Well, Well, Well! Look what time of the year it is already! That time of the year when we.....oh, I don’t know....GET BACK ON THE WATER! Man, didn’t it seem like a long winter?! I thought this time would never come, but here we are! Transitioning back to the water can be both an exciting and frustrating time at first. So I am here to give you a couple tips to make the transition as smooth as possible! LET’S GET TO ROWING!
If you get back in a boat and say to yourself, “Wait, it’s been a while. I think I forgot how to row.” Don’t be alarmed! Obviously you don’t mean it, but erging and rowing are obviously two different things. There are many more factors that go into rowing well, such as weather, technical ability, and water conditions. If you get out on the water for the first day of spring, and your boat is not perfectly set, STAY PATIENT! It is going to take some time to get the feeling of the water back, and get used to your teammates dynamics again. It is going to take a team effort to get everyone on the same page again, athletes and coaches included. Trust the process, and have fun.
“Coach, it’s spring! This is sprint season! Why are we doing long steady state workouts on the water?! We need to be doing sprint work!”
This is always a question that makes a coach laugh. Why yes, it is sprint season. And yes, it is just as important to get drilling and steady state in as it was in the fall when we were training for longer pieces. Fun fact, a 2k is 20% Anaerobic, an 80% Aerobic. the beginning and end of a race is very anaerobically demanding, relying heavily on powerful, concise and decisive strokes. However the middle of the race is very much aerobically demanding, which requires a solid aerobic base. How do we train for this? You guessed it! By executing long, steady state workouts and workouts that challenge and train the aerobic base.
“Okay, okay. That makes sense I guess. But coach, why do we have to do so much drilling? Can’t we just get out on the water and row? Drilling is so boring and tedious!”
Ah yes, another age old question from a rower to a coach. Well, the answer is simple. Technique allows the boat to move efficiently. A proper understanding of the recovery and drive, catch and finish, and everything in-between are going to set crews apart come spring. During a 2,000 meter race, the margin for error is very slim. During the race, your catches need to be quick and crisp, with all rowers locking on and leveraging their blades through as much water as possible. The recoveries need to be controlled, allowing the boat to move to maximum efficiency, and the drives need to be powerful and consistent, which is key to moving past that crew you’re neck and neck with in the third 500. Every drill your coach gives you has a purpose! It isn’t time to take a break, or “relax” during a long row. It’s time used to regroup, gather everyone on the same page, and to gain a better understanding of different technical aspects.
Now more than ever, attending practice consistently and arriving on time are going to be imperative to improvement and success. A crew has nine members, which means everyone needs to be on the same page. When everyone gets to the boathouse on time and attends practice everyday, it allows the team to grow and the crew to develop together. Everyday a rower shows up late or doesn’t attend practice, it hinders the crew's ability to improve and get faster. Manage your time, and get to practice!
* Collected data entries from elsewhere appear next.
lemma club_tail:
  assumes "limit_ord k" "a < k"
  shows "club k {g. a < g \<and> g < k}"
  unfolding club_def
proof (intro conjI allI impI)
  show "\<exists>g\<in>{g. a < g \<and> g < k}. x \<le> g" if "x < k" for x
  proof (cases "a < x")
    case False
    obtain y where "a < y" "y < k" using assms by (auto simp: limit_ord_def)
    with False show ?thesis by (auto intro!: bexI[of _ y])
  qed (use that in auto)
  show "d \<in> {g. a < g \<and> g < k}"
    if d: "d < k" "limit_ord d \<and> (\<forall>b<d. \<exists>g\<in>{g. a < g \<and> g < k}. b \<le> g \<and> g < d)" for d
  proof -
    obtain b where "b < d" using d(2) by (auto simp: limit_ord_def)
    then obtain g where "a < g" "g < d" using d(2) by blast
    with d(1) show ?thesis by auto
  qed
qed auto

lemma club_limits_of_inacc:
  assumes "strongly_inaccessible k"
    and unbounded: "\<forall>a<k. \<exists>i. strongly_inaccessible i \<and> a < i \<and> i < k"
  shows "club k {g. g < k \<and> limit_ord g \<and> (\<forall>a<g. \<exists>i. strongly_inaccessible i \<and> a < i \<and> i < g)}"
    (is "club k ?C")
  unfolding club_def
proof (intro conjI allI impI)
  obtain f where f: "\<And>x. x < k \<Longrightarrow> strongly_inaccessible (f x) \<and> x < f x \<and> f x < k"
    using unbounded by metis
  show "\<exists>g\<in>?C. a \<le> g" if a: "a < k" for a
  proof -
    obtain g where g: "g < k" "limit_ord g" "\<forall>n. (f^^n) a < g" "\<forall>c<g. \<exists>n. c < (f^^n) a"
      using omega_limit_below_inacc[OF assms(1) _ a, of f] f by blast
    have "\<exists>i. strongly_inaccessible i \<and> c < i \<and> i < g" if c: "c < g" for c
    proof -
      obtain n where "c < (f^^n) a" using g(4) c by blast
      moreover have "(f^^Suc n) a < g" using g(3) by blast
      moreover have "(f^^n) a < k" using g(1,3) less_trans by blast
      ultimately show ?thesis using f[of "(f^^n) a"] by (metis comp_apply funpow.simps(2) less_trans)
    qed
    with g(1,2) have "g \<in> ?C" by simp
    moreover have "a \<le> g" using g(3)[rule_format, of 0] by simp
    ultimately show ?thesis by blast
  qed
  show "d \<in> ?C" if d: "d < k" "limit_ord d \<and> (\<forall>a<d. \<exists>g\<in>?C. a \<le> g \<and> g < d)" for d
  proof -
    have "\<exists>i. strongly_inaccessible i \<and> a < i \<and> i < d" if "a < d" for a
    proof -
      obtain a' where "a < a'" "a' < d" using \<open>a < d\<close> d(2) by (auto simp: limit_ord_def)
      then obtain g where "g \<in> ?C" "a' \<le> g" "g < d" using d(2) by blast
      then obtain i where "strongly_inaccessible i" "a < i" "i < g"
        using \<open>a < a'\<close> less_le_trans by blast
      with \<open>g < d\<close> show ?thesis using less_trans by blast
    qed
    with d show ?thesis by simp
  qed
qed auto
lemma max_disjoint_fam1_fam2_ge:
  assumes "primitive_root d \<eta>" "2 \<le> d" "v \<noteq> 0"
  shows "2 * d \<le> max_disjoint (fam1 d \<eta> \<union> fam2 d \<eta> v)"
proof -
  have "\<eta> \<noteq> 0" "\<eta> \<noteq> 1" "\<eta> ^ d = 1"
    using primitive_root_nonzero[OF assms(1)] primitive_root_neq_1[OF assms(1)] assms
    by (simp_all add: primitive_root_def)
  obtain c :: nat where c: "v\<^sup>2 * \<eta> ^ c \<noteq> 1"
    using \<open>\<eta> \<noteq> 1\<close> by (cases "v\<^sup>2 = 1") (auto intro: that[of 0] that[of 1])
  have "card {..<d} + card {..<d} \<le> max_disjoint (fam1 d \<eta> \<union> fam2 d \<eta> v)"
  proof (rule card_le_max_disjoint_two_families[where f = "\<lambda>a. L1 \<eta> (2 * a) (d - 1 - a)"
        and g = "\<lambda>b. L2 \<eta> v (2 * b + c) (d - 1 - b)"])
    show "(\<lambda>a. L1 \<eta> (2 * a) (d - 1 - a)) ` {..<d} \<subseteq> fam1 d \<eta> \<union> fam2 d \<eta> v"
      using L1_in_fam1[OF \<open>\<eta> ^ d = 1\<close>] by auto
    show "(\<lambda>b. L2 \<eta> v (2 * b + c) (d - 1 - b)) ` {..<d} \<subseteq> fam1 d \<eta> \<union> fam2 d \<eta> v"
      using L2_in_fam2[OF \<open>\<eta> ^ d = 1\<close>] by auto
    show "L1 \<eta> (2 * a) (d - 1 - a) \<inter> L1 \<eta> (2 * a') (d - 1 - a') \<subseteq> {(0,0,0,0)}"
      if "a \<in> {..<d}" "a' \<in> {..<d}" "a \<noteq> a'" for a a'
      using that antidiagonal_power_ne(1)[OF assms(1), of a a'] antidiagonal_power_ne(2)[OF assms(1), of a a' 0]
      by (intro L1_L1_disjoint) simp_all
    show "L2 \<eta> v (2 * b + c) (d - 1 - b) \<inter> L2 \<eta> v (2 * b' + c) (d - 1 - b') \<subseteq> {(0,0,0,0)}"
      if "b \<in> {..<d}" "b' \<in> {..<d}" "b \<noteq> b'" for b b'
      using that assms(3) antidiagonal_power_ne[OF assms(1), of b b'] by (intro L2_L2_disjoint) simp_all
    show "L1 \<eta> (2 * a) (d - 1 - a) \<inter> L2 \<eta> v (2 * b + c) (d - 1 - b) \<subseteq> {(0,0,0,0)}"
      if "a \<in> {..<d}" "b \<in> {..<d}" for a b
    proof (rule L1_L2_disjoint)
      have exponents: "2 * a + 2 * (d - 1 - a) = 2 * (d - 1)" "2 * b + c + 2 * (d - 1 - b) = c + 2 * (d - 1)"
        using that by simp_all
      have "\<eta> ^ (2 * (d - 1)) \<noteq> (v\<^sup>2 * \<eta> ^ c) * \<eta> ^ (2 * (d - 1))"
        using c \<open>\<eta> \<noteq> 0\<close> by simp
      then show "\<eta> ^ (2 * a + 2 * (d - 1 - a)) \<noteq> v\<^sup>2 * \<eta> ^ (2 * b + c + 2 * (d - 1 - b))"
        unfolding exponents by (simp add: power_add mult.assoc)
    qed (rule \<open>\<eta> \<noteq> 0\<close>)
  qed (simp_all add: finite_fam1 finite_fam2 L1_nontrivial L2_nontrivial)
  then show ?thesis by simp
qed
(* The sequence $(\beta^c_k)_{k\in\mathbb{N}}$ is strictly decreasing and $\lim_{k\to+\infty}\beta^c_k=1$.
   Context: $\mathbb{N}=\{0,1,2,\dots\}$. For $t\ge 0$ let $q(t)=\lfloor t+1\rfloor/2$ if $\lfloor t\rfloor$ is odd and $q(t)=t-\lfloor t\rfloor/2$ if $\lfloor t\rfloor$ is even, and $p(t)=t+1-q(t)$. For $\beta\ge1$ let $\hat\sigma(t,\beta)\in(0,1)$ be the unique solution $\sigma$ of $\frac{p(t)\sigma}{\sqrt{1-\sigma^2}}+\frac{q(t)\sigma}{\sqrt{\beta^2-\sigma^2}}=1$, and $l(t,\beta)=\frac{p(t)}{\sqrt{1-\hat\sigma^2}}+\frac{\beta^2q(t)}{\sqrt{\beta^2-\hat\sigma^2}}-t-\sqrt2$. For $k\in\mathbb{N}$, $\delta(k,\beta)=l(2k+2,\beta)-l(2k,\beta)$. For each $k\in\mathbb{N}$, $\beta^c_k$ denotes the unique number in $(1,\sqrt2)$ with $\delta(k,\beta^c_k)=0$ (well defined since $\beta\mapsto\delta(k,\beta)$ is strictly increasing on $[1,\infty)$ with $\delta(k,1)<0<\delta(k,\sqrt2)$). *)

theory Defs
  imports "HOL-Analysis.Analysis"
begin

definition q_fun :: "real \<Rightarrow> real" where
  "q_fun t = (if odd \<lfloor>t\<rfloor> then real_of_int \<lfloor>t + 1\<rfloor> / 2
              else t - real_of_int \<lfloor>t\<rfloor> / 2)"

definition p_fun :: "real \<Rightarrow> real" where
  "p_fun t = t + 1 - q_fun t"

definition sigma_hat :: "real \<Rightarrow> real \<Rightarrow> real" where
  "sigma_hat t \<beta> = (THE \<sigma>. 0 < \<sigma> \<and> \<sigma> < 1 \<and>
      p_fun t * \<sigma> / sqrt (1 - \<sigma>\<^sup>2) + q_fun t * \<sigma> / sqrt (\<beta>\<^sup>2 - \<sigma>\<^sup>2) = 1)"

definition l_fun :: "real \<Rightarrow> real \<Rightarrow> real" where
  "l_fun t \<beta> = p_fun t / sqrt (1 - (sigma_hat t \<beta>)\<^sup>2)
      + \<beta>\<^sup>2 * q_fun t / sqrt (\<beta>\<^sup>2 - (sigma_hat t \<beta>)\<^sup>2) - t - sqrt 2"

definition delta :: "nat \<Rightarrow> real \<Rightarrow> real" where
  "delta k \<beta> = l_fun (2 * real k + 2) \<beta> - l_fun (2 * real k) \<beta>"

definition beta_c :: "nat \<Rightarrow> real" where
  "beta_c k = (THE \<beta>. 1 < \<beta> \<and> \<beta> < sqrt 2 \<and> delta k \<beta> = 0)"

end

theory Submission
  imports Defs
begin

text \<open>
  For \<open>p \<ge> 1\<close>, \<open>q \<ge> 0\<close>, \<open>b \<ge> 1\<close> the concave function
  \<open>G(\<sigma>) = \<sigma> + p sqrt(1 - \<sigma>\<^sup>2) + q sqrt(b\<^sup>2 - \<sigma>\<^sup>2)\<close> has critical point \<open>sigma_hat\<close>, and
  \<open>l + t + sqrt 2\<close> is its maximum \<open>V(p, q, b)\<close>.  Cauchy--Schwarz bounds \<open>G\<close> by tangent lines;
  this shows that \<open>V\<close> is concave in \<open>b\<close> with slope between \<open>q\<close> and \<open>q + 1\<close>, and strictly
  convex along the diagonal \<open>(p, q) \<mapsto> (p + 1, q + 1)\<close>.  As
  \<open>\<delta>(k, \<beta>) = V(k + 2, k + 1, \<beta>) - V(k + 1, k, \<beta>) - 2\<close>, the slope bounds make \<open>\<delta>(k, \<cdot>)\<close>
  strictly increasing and the convexity makes \<open>\<delta>(\<cdot>, \<beta>)\<close> strictly increasing, so the zeros
  \<open>\<beta>\<^sup>c\<^sub>k\<close> decrease.  Explicit lower and upper bounds on \<open>V\<close> give \<open>\<delta>(k, 1 + 2/(k + 1)) > 0\<close>,
  which squeezes \<open>\<beta>\<^sup>c\<^sub>k\<close> to \<open>1\<close>.
\<close>

definition objective :: "real \<Rightarrow> real \<Rightarrow> real \<Rightarrow> real \<Rightarrow> real" where
  "objective p q b \<sigma> = \<sigma> + p * sqrt (1 - \<sigma>\<^sup>2) + q * sqrt (b\<^sup>2 - \<sigma>\<^sup>2)"

definition crit_lhs :: "real \<Rightarrow> real \<Rightarrow> real \<Rightarrow> real \<Rightarrow> real" where
  "crit_lhs p q b \<sigma> = p * \<sigma> / sqrt (1 - \<sigma>\<^sup>2) + q * \<sigma> / sqrt (b\<^sup>2 - \<sigma>\<^sup>2)"

definition crit_point :: "real \<Rightarrow> real \<Rightarrow> real \<Rightarrow> real" where
  "crit_point p q b = (THE \<sigma>. 0 < \<sigma> \<and> \<sigma> < 1 \<and> crit_lhs p q b \<sigma> = 1)"

definition opt_value :: "real \<Rightarrow> real \<Rightarrow> real \<Rightarrow> real" where
  "opt_value p q b = objective p q b (crit_point p q b)"

text \<open>By the envelope theorem, \<open>\<partial>G/\<partial>b\<close> at the critical point is the derivative of
  \<open>opt_value\<close> in \<open>b\<close>.\<close>

definition opt_value_slope :: "real \<Rightarrow> real \<Rightarrow> real \<Rightarrow> real" where
  "opt_value_slope p q b = q * b / sqrt (b\<^sup>2 - (crit_point p q b)\<^sup>2)"

lemma divide_sqrt_diff_strict_mono:
  fixes a b C :: real
  assumes "0 \<le> a" "a < b" "b\<^sup>2 < C"
  shows "a / sqrt (C - a\<^sup>2) < b / sqrt (C - b\<^sup>2)"
proof -
  have "a\<^sup>2 < b\<^sup>2" using assms by (simp add: power_strict_mono)
  then have "sqrt (C - b\<^sup>2) \<le> sqrt (C - a\<^sup>2)" by simp
  moreover have "0 < sqrt (C - b\<^sup>2)" using assms by simp
  ultimately show ?thesis using assms frac_less by blast
qed

lemma divide_sqrt_diff_mono:
  fixes a b C :: real
  assumes "0 \<le> a" "a \<le> b" "b\<^sup>2 < C"
  shows "a / sqrt (C - a\<^sup>2) \<le> b / sqrt (C - b\<^sup>2)"
  using divide_sqrt_diff_strict_mono[OF assms(1) _ assms(3)] assms(2) by (cases "a = b") auto

lemma crit_lhs_strict_mono:
  assumes "0 < p" "0 \<le> q" "1 \<le> b" "0 \<le> x" "x < y" "y < 1"
  shows "crit_lhs p q b x < crit_lhs p q b y"
proof -
  have y2: "y\<^sup>2 < 1" using assms by (simp add: power_less_one_iff abs_less_iff)
  have "1 \<le> b\<^sup>2" using assms by (simp add: one_le_power)
  then have "y\<^sup>2 < b\<^sup>2" using y2 by linarith
  then have "x / sqrt (1 - x\<^sup>2) < y / sqrt (1 - y\<^sup>2)" "x / sqrt (b\<^sup>2 - x\<^sup>2) \<le> y / sqrt (b\<^sup>2 - y\<^sup>2)"
    using divide_sqrt_diff_strict_mono[of x y 1] divide_sqrt_diff_mono[of x y "b\<^sup>2"] assms y2 by auto
  then show ?thesis
    using mult_strict_left_mono[of _ _ p] mult_left_mono[of _ _ q] assms
    unfolding crit_lhs_def times_divide_eq_right[symmetric] by (smt (verit))
qed

lemma crit_point_ex1:
  assumes "1 \<le> p" "0 \<le> q" "1 \<le> b"
  shows "\<exists>!\<sigma>. 0 < \<sigma> \<and> \<sigma> < 1 \<and> crit_lhs p q b \<sigma> = 1"
proof -
  have b2: "1 \<le> b\<^sup>2" using assms by (simp add: one_le_power)
  have "continuous_on {0..4/5} (crit_lhs p q b)"
  proof -
    have "\<forall>x\<in>{0..4/5::real}. x\<^sup>2 < 1 \<and> x\<^sup>2 < b\<^sup>2"
    proof
      fix x :: real assume "x \<in> {0..4/5}"
      then have "x\<^sup>2 \<le> (4/5)\<^sup>2" by (auto intro: power_mono)
      then show "x\<^sup>2 < 1 \<and> x\<^sup>2 < b\<^sup>2" using b2 by (simp add: power2_eq_square)
    qed
    then show ?thesis unfolding crit_lhs_def by (intro continuous_intros) auto
  qed
  moreover have "crit_lhs p q b 0 \<le> 1" by (simp add: crit_lhs_def)
  moreover have "1 \<le> crit_lhs p q b (4/5)"
  proof -
    have "sqrt (1 - (4/5::real)\<^sup>2) = sqrt ((3/5)\<^sup>2)" by (simp add: power2_eq_square)
    then have s: "sqrt (1 - (4/5::real)\<^sup>2) = 3/5" by simp
    have "p * (4/5) / sqrt (1 - (4/5)\<^sup>2) = 4 * p / 3" unfolding s by simp
    moreover have "(4/5::real)\<^sup>2 < b\<^sup>2" using b2 by (simp add: power2_eq_square)
    then have "0 \<le> q * (4/5) / sqrt (b\<^sup>2 - (4/5)\<^sup>2)" using assms by simp
    ultimately show ?thesis using assms unfolding crit_lhs_def by linarith
  qed
  ultimately obtain x where x: "0 \<le> x" "x \<le> 4/5" "crit_lhs p q b x = 1"
    using IVT' by (metis order.refl zero_le_divide_iff zero_le_numeral)
  then have "x \<noteq> 0" by (auto simp: crit_lhs_def)
  with x have "0 < x \<and> x < 1 \<and> crit_lhs p q b x = 1" by auto
  moreover have "y = x" if "0 < y \<and> y < 1 \<and> crit_lhs p q b y = 1" for y
    using crit_lhs_strict_mono[of p q b y x] crit_lhs_strict_mono[of p q b x y]
      that calculation assms by (cases y x rule: linorder_cases) auto
  ultimately show ?thesis by blast
qed

lemma crit_point_facts:
  assumes "1 \<le> p" "0 \<le> q" "1 \<le> b"
  defines "s \<equiv> crit_point p q b"
  defines "u \<equiv> sqrt (1 - s\<^sup>2)" and "v \<equiv> sqrt (b\<^sup>2 - s\<^sup>2)"
  shows "0 < s" "s < 1" "s\<^sup>2 < 1" "s\<^sup>2 < b\<^sup>2" "0 < u" "0 < v" "u\<^sup>2 = 1 - s\<^sup>2" "v\<^sup>2 = b\<^sup>2 - s\<^sup>2"
    "p * s / u + q * s / v = 1" "p * s * v + q * s * u = u * v"
proof -
  show s0: "0 < s" and s1: "s < 1" and eq: "p * s / u + q * s / v = 1"
    using theI'[OF crit_point_ex1[OF assms(1-3)]]
    unfolding s_def u_def v_def crit_point_def[symmetric] by (auto simp: crit_lhs_def)
  show s2: "s\<^sup>2 < 1" using s0 s1 by (simp add: power_less_one_iff abs_less_iff)
  have "1 \<le> b\<^sup>2" using assms by (simp add: one_le_power)
  then show s3: "s\<^sup>2 < b\<^sup>2" using s2 by linarith
  show "0 < u" "0 < v" "u\<^sup>2 = 1 - s\<^sup>2" "v\<^sup>2 = b\<^sup>2 - s\<^sup>2"
    using s2 s3 unfolding u_def v_def by auto
  then show "p * s * v + q * s * u = u * v" using eq by (simp add: field_simps)
qed

lemma cauchy_schwarz_sqrt_diff:
  fixes a c A C :: real
  assumes "a\<^sup>2 \<le> A\<^sup>2" "c\<^sup>2 \<le> C\<^sup>2" "0 \<le> A" "0 \<le> C"
  shows "a * c + sqrt (A\<^sup>2 - a\<^sup>2) * sqrt (C\<^sup>2 - c\<^sup>2) \<le> A * C"
proof -
  define x where "x = sqrt (A\<^sup>2 - a\<^sup>2)"
  define y where "y = sqrt (C\<^sup>2 - c\<^sup>2)"
  have "A\<^sup>2 = a\<^sup>2 + x\<^sup>2" "C\<^sup>2 = c\<^sup>2 + y\<^sup>2" using assms unfolding x_def y_def by simp_all
  then have "(A * C)\<^sup>2 - (a * c + x * y)\<^sup>2 = (a * y - x * c)\<^sup>2"
    unfolding power_mult_distrib by (simp add: power2_eq_square algebra_simps)
  then have "(a * c + x * y)\<^sup>2 \<le> (A * C)\<^sup>2" by (metis diff_ge_0_iff_ge zero_le_power2)
  then have "a * c + x * y \<le> A * C" using power2_le_imp_le assms by (metis mult_nonneg_nonneg)
  then show ?thesis unfolding x_def y_def .
qed

lemma cauchy_schwarz_sqrt_diff_strict:
  fixes a c :: real
  assumes "a\<^sup>2 \<le> 1" "c\<^sup>2 \<le> 1" "a \<noteq> c"
  shows "a * c + sqrt (1 - a\<^sup>2) * sqrt (1 - c\<^sup>2) < 1"
proof -
  define x where "x = sqrt (1 - a\<^sup>2)"
  define y where "y = sqrt (1 - c\<^sup>2)"
  have "x\<^sup>2 = 1 - a\<^sup>2" "y\<^sup>2 = 1 - c\<^sup>2" using assms unfolding x_def y_def by simp_all
  then have "2 * (1 - (a * c + x * y)) = (a - c)\<^sup>2 + (x - y)\<^sup>2" by (simp add: power2_diff)
  moreover have "(a - c)\<^sup>2 > 0" using assms by simp
  ultimately show ?thesis unfolding x_def y_def by (smt (verit) zero_le_power2)
qed

lemma opt_value_eq:
  assumes "1 \<le> p" "0 \<le> q" "1 \<le> b"
  defines "s \<equiv> crit_point p q b"
  shows "opt_value p q b = p / sqrt (1 - s\<^sup>2) + b\<^sup>2 * q / sqrt (b\<^sup>2 - s\<^sup>2)"
proof -
  define u where "u = sqrt (1 - s\<^sup>2)"
  define v where "v = sqrt (b\<^sup>2 - s\<^sup>2)"
  note F = crit_point_facts[OF assms(1-3), folded s_def, folded u_def v_def]
  have "u * v * (s + p * u + q * v) = s * (p * s * v + q * s * u) + p * u\<^sup>2 * v + q * u * v\<^sup>2"
    using F(10) by (simp add: power2_eq_square algebra_simps)
  also have "\<dots> = p * v + b\<^sup>2 * q * u"
    unfolding F(7,8) by (simp add: power2_eq_square algebra_simps)
  finally have "s + p * u + q * v = p / u + b\<^sup>2 * q / v" using F(5,6) by (simp add: field_simps)
  then show ?thesis unfolding opt_value_def objective_def s_def[symmetric] u_def v_def .
qed

text \<open>With \<open>s\<close> the critical point, the Cauchy--Schwarz estimates
  \<open>\<sigma> s + sqrt(1 - \<sigma>\<^sup>2) sqrt(1 - s\<^sup>2) \<le> 1\<close> and \<open>\<sigma> s + sqrt(b'\<^sup>2 - \<sigma>\<^sup>2) sqrt(b\<^sup>2 - s\<^sup>2) \<le> b' b\<close>
  bound \<open>G\<close> by an affine function of \<open>\<sigma>\<close> whose \<open>\<sigma>\<close>-coefficient vanishes by the critical point
  equation; this identity computes it.\<close>

lemma tangent_identity:
  fixes p q b b' s u v \<sigma> :: real
  assumes "0 < u" "0 < v" "p * s * v + q * s * u = u * v"
  shows "\<sigma> + p * ((1 - \<sigma> * s) / u) + q * ((b' * b - \<sigma> * s) / v)
      = p / u + b\<^sup>2 * q / v + (b' - b) * (q * b / v)"
proof -
  have "(\<sigma> + p * ((1 - \<sigma> * s) / u) + q * ((b' * b - \<sigma> * s) / v)) * (u * v)
      = \<sigma> * (u * v) - \<sigma> * (p * s * v + q * s * u) + p * v + q * b' * b * u"
    using assms(1,2) by (simp add: field_simps)
  also have "\<dots> = p * v + q * b' * b * u" unfolding assms(3) by simp
  also have "\<dots> = (p / u + b\<^sup>2 * q / v + (b' - b) * (q * b / v)) * (u * v)"
    using assms by (simp add: field_simps power2_eq_square)
  finally show ?thesis using assms by simp
qed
It is going to be important that when you get on the water at first, you stay patient and trust the process. You are most likely not going to be doing sprint workouts in the first couple of weeks you are on the water. And, as fun as sprint workouts can be, it is super important to focus on drilling to improve technique, and execute longer workouts in order to build your aerobic base! It is going to pay off come racing season when you are able to hold you own in the third 500, and sprint your way past a crew with solid catches! Let’s get back on the water, and let’s get back to rowing!